Figure 4. Rosiglitazone Suppresses Several Members of the Metallothionein Gene Family.

(A) Heat diagram of cluster analysis for heavy metal binding proteins from microarray data of RNA following treatment with rosiglitazone, carboplatin, or a combination of the two.

(B) Real-time PCR for the expression of metallothioneins 1G, 1H, 1X, and IIA following treatment of A549 cells with 1 μM rosiglitazone for 24 hr.

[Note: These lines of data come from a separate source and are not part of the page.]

lemma linear_puiseux_ray_increment:
  fixes b :: "int \<Rightarrow> complex" and w :: complex and R :: real and n :: nat
  assumes summ: "\<forall>s. R < norm s ^ N \<longrightarrow> (\<lambda>k. b k * s powi k) summable_on UNIV"
    and bN: "\<forall>k. int N < k \<longrightarrow> b k = 0" and N: "0 < N" and w: "w \<noteq> 0"
  shows "((\<lambda>x. puiseux_val N b (of_real (x + real n) * w) - puiseux_val N b (of_real x * w)
             - of_nat n * w * b (int N)) \<longlongrightarrow> 0) at_top"
proof -
  define c where "c = w powr (1 / of_nat N)"
  have "c \<noteq> 0" using cpow_N[OF N w] N w by (auto simp: c_def)
  define tail where "tail \<rho> = infsum (\<lambda>k. b k * (of_real \<rho> * c) powi k) {..<0}" for \<rho>
  define frac where "frac x = (\<Sum>m<N. b (int m) * c ^ m * of_real (x powr (real m / real N)))" for x
  have tail: "(tail \<longlongrightarrow> 0) at_top" unfolding tail_def by (rule neg_tail_tendsto[OF summ \<open>c \<noteq> 0\<close> N])
  have "((\<lambda>x. tail ((x + real n) powr (1 / real N)) - tail (x powr (1 / real N))) \<longlongrightarrow> 0 - 0) at_top"
    using N by (intro tendsto_diff filterlim_compose[OF tail] filterlim_compose[OF real_powr_at_top])
       (auto intro: filterlim_ident, real_asymp)
  moreover have "((\<lambda>x. frac (x + real n) - frac x) \<longlongrightarrow> 0) at_top"
  proof -
    have "((\<lambda>x. of_real ((x + real n) powr (real m / real N) - x powr (real m / real N)) :: complex)
        \<longlongrightarrow> of_real 0) at_top" if "m < N" for m
      using that by (intro tendsto_of_real diff_powr_tendsto) auto
    then have "((\<lambda>x. \<Sum>m<N. b (int m) * c ^ m *
        of_real ((x + real n) powr (real m / real N) - x powr (real m / real N))) \<longlongrightarrow> (\<Sum>m<N. 0)) at_top"
      by (intro tendsto_sum tendsto_mult_right_zero) (simp only: of_real_0 lessThan_iff)
    then show ?thesis by (simp add: frac_def algebra_simps sum_subtractf[symmetric])
  qed
  ultimately have "((\<lambda>x. (tail ((x + real n) powr (1 / real N)) - tail (x powr (1 / real N)))
      + (frac (x + real n) - frac x)) \<longlongrightarrow> 0) at_top"
    using tendsto_add by fastforce
  moreover have "\<forall>\<^sub>F x in at_top. (tail ((x + real n) powr (1 / real N)) - tail (x powr (1 / real N)))
      + (frac (x + real n) - frac x) = puiseux_val N b (of_real (x + real n) * w)
        - puiseux_val N b (of_real x * w) - of_nat n * w * b (int N)"
    using eventually_gt_at_top[of "max 0 (R / norm w)"]
  proof eventually_elim
    case (elim x)
    have xR: "R < x * norm w" using elim w by (simp add: field_simps)
    moreover have "x * norm w \<le> (x + real n) * norm w" by (intro mult_right_mono) auto
    ultimately have "R < (x + real n) * norm w" by linarith
    then show ?case using elim xR
      linear_puiseux_on_ray[OF summ bN N w _ _ c_def, of x]
      linear_puiseux_on_ray[OF summ bN N w _ _ c_def, of "x + real n"]
      by (simp add: tail_def frac_def algebra_simps)
  qed
  ultimately show ?thesis by (rule Lim_transform_eventually)
qed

(C) Real-time PCR for the expression of metallothioneins 1G, 1H, 1X, and IIA following treatment of A549 cells with 250 nM GW1929 for 24 hr.

(D) Metallothionein protein expression in A549 cells following treatment with PPARγ agonists GW1929 (250 nM) or rosiglitazone (1 μM) for 24 hr.

(E) A549 cells were treated with 1 μM rosiglitazone alone or in combination with the PPARγ antagonist GW9662 for 24 hr, and real-time PCR was carried out for MT1G, MT1H, MT1X, and MTIIA. *p < 0.05 rosi + GW9662 versus rosiglitazone alone.

(F) Ectopic expression of MT1H blunts the synergistic effect of rosiglitazone and carboplatin. A549 cells stably transduced with a control or retrovirus expressing MT1H were treated with 0.5 μM rosiglitazone or 10 μM carboplatin alone or in combination, and the cell number was determined using a hemocytometer after 7 days. Representative experiment, n = 3 mean ± SD. *p < 0.05.